### Task description
Take the entries below and print, exactly, the stretch from the line containing "using that unfolding" through the line containing "(\<chi> i. sqrt", both included.
Supplied records START
lemma rk_point_transversal_spans:
  assumes M: "matroid M" and G: "point_transversal M C G" and "C \<subseteq> carrier M"
  shows "rk M (G \<union> C) = rk M (carrier M)"
proof -
  have "rk M (insert e (G \<union> C)) = rk M (G \<union> C)" if e: "e \<in> carrier M" for e
  proof (cases "e \<in> C")
    case True
    then show ?thesis by (simp add: insert_absorb)
  next
    case False
    show ?thesis
    proof (cases "rk M (insert e C) = Suc (rk M C)")
      case True
      then obtain g where "g \<in> G" "same_point M C e g"
        using G e False unfolding point_transversal_def by blast
      then have "rk M (insert e (insert g C)) = rk M (insert g C)" "insert g C \<subseteq> G \<union> C"
        unfolding same_point_def by auto
      then show ?thesis by (rule rk_insert_spanned_mono[OF M])
    next
      case False
      then have "rk M (insert e C) = rk M C"
        using rk_insert_le[OF M, of e C] rk_insert_ge[OF M, of C e] by linarith
      then show ?thesis by (rule rk_insert_spanned_mono[OF M]) blast
    qed
  qed
  then have "rk M ((G \<union> C) \<union> carrier M) = rk M (G \<union> C)" using rk_Un_spanned[OF M] by blast
  moreover have "(G \<union> C) \<union> carrier M = carrier M"
    using G \<open>C \<subseteq> carrier M\<close> unfolding point_transversal_def by blast
  ultimately show ?thesis by simp
qed

lemma rk_image_same_point:
  assumes M: "matroid M" and \<phi>: "\<forall>z\<in>Z. same_point M C z (\<phi> z)"
  shows "rk M (\<phi> ` Z \<union> C) = rk M (Z \<union> C)"
proof -
  have "rk M (insert w (\<phi> ` Z \<union> C)) = rk M (\<phi> ` Z \<union> C)" if "w \<in> Z" for w
  proof (rule rk_insert_spanned_mono[OF M])
    show "rk M (insert w (insert (\<phi> w) C)) = rk M (insert (\<phi> w) C)"
      using \<phi> that unfolding same_point_def by blast
  qed (use that in blast)
  then have "rk M ((\<phi> ` Z \<union> C) \<union> Z) = rk M (\<phi> ` Z \<union> C)" using rk_Un_spanned[OF M] by blast
  moreover have "rk M (insert w (Z \<union> C)) = rk M (Z \<union> C)" if w: "w \<in> \<phi> ` Z" for w
  proof -
    obtain z where z: "z \<in> Z" "w = \<phi> z" using w by blast
    have "rk M (insert w (insert z C)) = rk M (insert z C)"
      using \<phi> z unfolding same_point_def by (simp add: insert_commute)
    then show ?thesis by (rule rk_insert_spanned_mono[OF M]) (use z in blast)
  qed
  then have "rk M ((Z \<union> C) \<union> \<phi> ` Z) = rk M (Z \<union> C)" using rk_Un_spanned[OF M] by blast
  moreover have "(\<phi> ` Z \<union> C) \<union> Z = (Z \<union> C) \<union> \<phi> ` Z" by blast
  ultimately show ?thesis by simp
qed

text \<open>Elements of \<open>insert x H\<close> that are parallel in \<open>M / C\<close> would span a line of \<open>M / C\<close>
  containing \<open>x\<close>, contradicting that \<open>H\<close> consists of distinct non-loops of \<open>M / (C \<union> {x})\<close>.\<close>
lemma inj_on_same_point:
  assumes M: "matroid M" and H: "point_transversal M (insert x C) H"
    and x: "rk M (insert x C) = Suc (rk M C)"
    and \<phi>: "\<forall>z\<in>insert x H. same_point M C z (\<phi> z)"
  shows "inj_on \<phi> (insert x H)"
proof (rule inj_onI, rule ccontr)
  fix u v assume u: "u \<in> insert x H" and v: "v \<in> insert x H" and eq: "\<phi> u = \<phi> v" and "u \<noteq> v"
  let ?g = "\<phi> u"
  have "rk M (insert u (insert ?g C)) = rk M (insert ?g C)"
    using \<phi> u unfolding same_point_def by blast
  moreover have "rk M (insert v (insert (\<phi> v) C)) = rk M (insert (\<phi> v) C)"
    using \<phi> v unfolding same_point_def by blast
  then have "rk M (insert v (insert ?g C)) = rk M (insert ?g C)" using eq by simp
  ultimately have "rk M (insert ?g C \<union> {u, v}) = rk M (insert ?g C)"
    using rk_Un_spanned[OF M, of "{u, v}" "insert ?g C"] by simp
  moreover have "rk M (insert ?g C) \<le> Suc (rk M C)" by (rule rk_insert_le[OF M])
  moreover have "rk M (insert x (insert u (insert v C))) \<le> Suc (rk M (insert ?g C \<union> {u, v}))"
    using rk_mono[OF M, of "insert x (insert u (insert v C))" "insert x (insert ?g C \<union> {u, v})"]
      rk_insert_le[OF M, of x "insert ?g C \<union> {u, v}"] by fastforce
  moreover have "rk M (insert u (insert v C)) \<le> rk M (insert ?g C \<union> {u, v})"
    by (rule rk_mono[OF M]) blast
  ultimately have line: "rk M (insert u (insert v C)) \<le> Suc (rk M C)"
    and plane: "rk M (insert x (insert u (insert v C))) \<le> Suc (Suc (rk M C))" by linarith+
  have H2: "\<forall>h\<in>H. rk M (insert h (insert x C)) = Suc (Suc (rk M C))"
    and H3: "\<forall>h\<in>H. \<forall>h'\<in>H. h \<noteq> h' \<longrightarrow> rk M (insert h (insert h' (insert x C))) = Suc (Suc (Suc (rk M C)))"
    using H x unfolding point_transversal_def by auto
  consider "u = x" "v \<in> H" | "v = x" "u \<in> H" | "u \<in> H" "v \<in> H"
    using u v \<open>u \<noteq> v\<close> by blast
  then show False
  proof cases
    case 1
    then show False using line H2 by (simp add: insert_commute)
  next
    case 2
    then show False using line H2 by simp
  next
    case 3
    then show False using plane H3 \<open>u \<noteq> v\<close> by (simp add: insert_commute)
  qed
qed
(* Consequently there are finitely many eigenvalues: rescaled by sqrt pi, chosen
   eigenvectors form an orthogonal, hence independent, family in real^'a. *)
lemma finite_eigenvalues:
  fixes P :: "'a::finite \<Rightarrow> 'a \<Rightarrow> real"
  assumes rev: "reversible P \<pi>" and pos: "\<forall>x. \<pi> x > 0"
  shows "finite (eigenvalues P)"
proof -
  define E where "E = eigenvalues P"
  define V where "V \<mu> = (SOME v. v \<noteq> (\<lambda>_. 0) \<and> (\<forall>x. (\<Sum>y\<in>UNIV. P x y * v y) = \<mu> * v x))" for \<mu>
  have V: "V \<mu> \<noteq> (\<lambda>_. 0) \<and> (\<forall>x. (\<Sum>y\<in>UNIV. P x y * V \<mu> y) = \<mu> * V \<mu> x)" if "\<mu> \<in> E" for \<mu>
  proof -
    have "\<exists>v. v \<noteq> (\<lambda>_. 0) \<and> (\<forall>x. (\<Sum>y\<in>UNIV. P x y * v y) = \<mu> * v x)"
      using that unfolding E_def eigenvalues_def by blast
    then show ?thesis unfolding V_def by (rule someI_ex)
  qed
  define W :: "real \<Rightarrow> real^'a" where "W \<mu> = (\<chi> i. sqrt (\<pi> i) * V \<mu> i)" for \<mu>
  have inner: "W \<mu> \<bullet> W \<nu> = (\<Sum>x\<in>UNIV. \<pi> x * V \<mu> x * V \<nu> x)" for \<mu> \<nu>
    unfolding W_def inner_vec_def using pos
    by (intro sum.cong) (auto simp: algebra_simps less_imp_le)
  have orth: "W \<mu> \<bullet> W \<nu> = 0" if "\<mu> \<in> E" "\<nu> \<in> E" "\<mu> \<noteq> \<nu>" for \<mu> \<nu>
    unfolding inner using eigenvectors_orthogonal[OF rev] V[OF that(1)] V[OF that(2)] that(3) by blast
  have nz: "W \<mu> \<noteq> 0" if "\<mu> \<in> E" for \<mu>
  proof -
    have "0 < (\<Sum>x\<in>UNIV. \<pi> x * (V \<mu> x)^2)" using weighted_square_sum_pos[OF pos] V[OF that] by blast
    then show ?thesis using inner[of \<mu> \<mu>] by (auto simp: power2_eq_square mult.assoc)
  qed
  have "inj_on W E"
    by (rule inj_onI) (use orth nz in \<open>fastforce\<close>)
  moreover have "independent (W ` E)"
    by (rule pairwise_orthogonal_independent) (use orth nz in \<open>auto simp: pairwise_def orthogonal_def\<close>)
  ultimately show ?thesis unfolding E_def by (metis finiteI_independent finite_imageD)
qed

lemma lambda_min_eigenvalue:
  fixes P :: "'a::finite \<Rightarrow> 'a \<Rightarrow> real"
  assumes st: "stochastic P" and rev: "reversible P \<pi>" and pos: "\<forall>x. \<pi> x > 0"
  shows "lambda_min P \<in> eigenvalues P"
proof -
  have "1 \<in> eigenvalues P"
    using st unfolding eigenvalues_def stochastic_def by (auto intro!: exI[where x = "\<lambda>_. 1"] simp: fun_eq_iff)
  then show ?thesis unfolding lambda_min_def using finite_eigenvalues[OF rev pos] by (intro Min_in) auto
qed

(* Integrating the Cauchy-Schwarz bound against pi gives
   4 ||v||^2 <= ell * sum_x pi(x) sum_{e in sigma_x} D(e), where D{a,b} = (v a + v b)^2;
   exchanging the sums and using the congestion bound turns the right-hand side
   into ell * eta' * sum_e Q(e) D(e) <= ell * eta' * 2 (1 + mu) ||v||^2. *)
lemma odd_cycle_eigenvalue_bound:
  fixes P :: "'a::finite \<Rightarrow> 'a \<Rightarrow> real" and \<sigma> :: "'a \<Rightarrow> 'a list"
  assumes st: "stochastic P" and stat: "stationary P \<pi>" and rev: "reversible P \<pi>"
    and pos: "\<forall>x. \<pi> x > 0"
    and cyc: "\<forall>x. is_cycle_at P x (\<sigma> x) \<and> odd (walk_len (\<sigma> x))"
    and mu: "\<mu> \<in> eigenvalues P"
  shows "2 \<le> real (ell \<sigma>) * eta' P \<pi> \<sigma> * (1 + \<mu>)"
proof -
  obtain v where nz: "v \<noteq> (\<lambda>_. 0)" and ev: "\<forall>x. (\<Sum>y\<in>UNIV. P x y * v y) = \<mu> * v x"
    using mu unfolding eigenvalues_def by auto
  define N where "N = (\<Sum>x\<in>UNIV. \<pi> x * (v x)^2)"
  define D where "D = sym_lift (\<lambda>a b. (v a + v b)^2)"
  define W where "W x = walk_edges (\<sigma> x)" for x
  define l where "l = real (ell \<sigma>)"
  define \<eta> where "\<eta> = eta' P \<pi> \<sigma>"
  define \<Gamma> where "\<Gamma> = Defs.Gamma P"
  have D_edge: "D {a, b} = (v a + v b)^2" for a b
    unfolding D_def by (rule sym_lift_eq) (simp add: add.commute)
  have D_nonneg: "0 \<le> D e" if "e \<in> \<Gamma>" for e
    using that D_edge unfolding \<Gamma>_def Defs.Gamma_def by auto
  have W_Gamma: "W x \<subseteq> \<Gamma>" for x
    using cyc walk_edges_subset_Gamma unfolding W_def \<Gamma>_def is_cycle_at_def by blast
  have l_nonneg: "0 \<le> l" unfolding l_def by simp
  have first_edge: "{\<sigma> x ! 0, \<sigma> x ! Suc 0} \<in> W x" for x
  proof -
    have "2 \<le> length (\<sigma> x)" using cyc unfolding is_cycle_at_def by blast
    then have "Suc 0 < length (\<sigma> x)" by simp
    then show ?thesis unfolding W_def walk_edges_def by blast
  qed
  have \<eta>_nonneg: "0 \<le> \<eta>"
    unfolding \<eta>_def using eta'_nonneg[OF rev pos] first_edge W_Gamma unfolding \<Gamma>_def by blast
  have per_vertex: "4 * (v x)^2 \<le> l * (\<Sum>e\<in>W x. D e)" for x
  proof -
    have c: "is_cycle_at P x (\<sigma> x)" and odd: "odd (walk_len (\<sigma> x))" using cyc by auto
    note ends = cycle_at_endpoints[OF c]
    have "4 * (v x)^2 \<le> real (walk_len (\<sigma> x)) * (\<Sum>i<walk_len (\<sigma> x). D {\<sigma> x ! i, \<sigma> x ! Suc i})"
      using odd_closed_walk_cauchy_schwarz[OF odd ends(2,3), of v] by (simp add: D_edge)
    also have "\<dots> = real (walk_len (\<sigma> x)) * (\<Sum>e\<in>W x. D e)"
      unfolding W_def using odd_cycle_edge_sum[OF c odd, of D] by simp
    also have "\<dots> \<le> l * (\<Sum>e\<in>W x. D e)"
    proof (rule mult_right_mono)
      show "real (walk_len (\<sigma> x)) \<le> l" unfolding l_def ell_def by simp
      show "0 \<le> (\<Sum>e\<in>W x. D e)" using W_Gamma D_nonneg by (meson subsetD sum_nonneg)
    qed
    finally show ?thesis .
  qed
  have "4 * N = (\<Sum>x\<in>UNIV. \<pi> x * (4 * (v x)^2))"
    unfolding N_def by (simp add: sum_distrib_left algebra_simps)
  also have "\<dots> \<le> (\<Sum>x\<in>UNIV. \<pi> x * (l * (\<Sum>e\<in>W x. D e)))"
    by (rule sum_mono) (use per_vertex pos in \<open>auto intro: mult_left_mono simp: less_imp_le\<close>)
  also have "\<dots> = l * (\<Sum>x\<in>UNIV. \<pi> x * (\<Sum>e\<in>W x. D e))"
    by (simp add: sum_distrib_left algebra_simps)
  also have "\<dots> = l * (\<Sum>e\<in>\<Gamma>. D e * (\<Sum>x\<in>{x. e \<in> W x}. \<pi> x))"
    using weighted_edge_sum_swap[of \<Gamma> W \<pi> D] W_Gamma by (simp add: \<Gamma>_def)
  also have "\<dots> \<le> l * (\<Sum>e\<in>\<Gamma>. D e * (\<eta> * Qedge P \<pi> e))"
    using eta'_bound[OF rev pos] D_nonneg l_nonneg
    by (auto simp: \<eta>_def W_def \<Gamma>_def intro!: mult_left_mono sum_mono)
  also have "\<dots> = l * \<eta> * (\<Sum>e\<in>\<Gamma>. Qedge P \<pi> e * D e)"
    by (simp add: sum_distrib_left algebra_simps)
  also have "\<dots> \<le> l * \<eta> * (2 * (1 + \<mu>) * N)"
  proof (rule mult_left_mono)
    have "(\<Sum>e\<in>\<Gamma>. Qedge P \<pi> e * D e) \<le> (\<Sum>x\<in>UNIV. \<Sum>y\<in>UNIV. \<pi> x * P x y * (v x + v y)^2)"
      unfolding \<Gamma>_def D_def
      by (rule edge_energy_le[OF _ rev]) (use st pos in \<open>auto simp: stochastic_def less_imp_le add.commute\<close>)
    then show "(\<Sum>e\<in>\<Gamma>. Qedge P \<pi> e * D e) \<le> 2 * (1 + \<mu>) * N"
      unfolding N_def using eigen_quadratic_identity[OF st stat ev] by simp
  qed (use l_nonneg \<eta>_nonneg in simp)
  finally have "2 * N \<le> (l * \<eta> * (1 + \<mu>)) * N" by (simp add: algebra_simps)
  then show ?thesis using weighted_square_sum_pos[OF pos nz] unfolding N_def l_def \<eta>_def by simp
qed
lemma segment_length_le_imp_eq:
  assumes sg: "simple_graph V E" and p: "is_segment V E p" and q: "is_segment V E q"
    and start: "p ! 0 = q ! 0" "p ! 1 = q ! 1" and le: "length p \<le> length q"
  shows "length p = length q"
proof (rule ccontr)
  assume "length p \<noteq> length q"
  then have lt: "length p < length q" using le by simp
  obtain m where m: "length p = Suc (Suc m)"
    using is_segment_length[OF p] by (metis add_2_eq_Suc le_Suc_ex)
  then have "p ! (length p - 1) = q ! (length p - 1)"
    using segments_agree_if_start_eq[OF sg p q start, of m] lt by simp
  moreover have "deg V E (q ! (length p - 1)) = 2" using is_segment_internal_deg[OF q] lt m by simp
  ultimately show False using is_segment_ends_deg[OF p] by simp
qed

lemma segment_eq_if_start_eq:
  assumes sg: "simple_graph V E" and p: "is_segment V E p" and q: "is_segment V E q"
    and start: "p ! 0 = q ! 0" "p ! 1 = q ! 1"
  shows "p = q"
proof (rule nth_equalityI)
  show len: "length p = length q"
    using segment_length_le_imp_eq[OF sg p q start] segment_length_le_imp_eq[OF sg q p start[symmetric]]
    by linarith
  fix i assume "i < length p"
  then show "p ! i = q ! i"
    using segments_agree_if_start_eq[OF sg p q start, of "i - 1"] start(1) len by (cases i) auto
qed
Supplied records END
### Answer to the exercise
      using that unfolding E_def eigenvalues_def by blast
    then show ?thesis unfolding V_def by (rule someI_ex)
  qed
  define W :: "real \<Rightarrow> real^'a" where "W \<mu> = (\<chi> i. sqrt (\<pi> i) * V \<mu> i)" for \<mu>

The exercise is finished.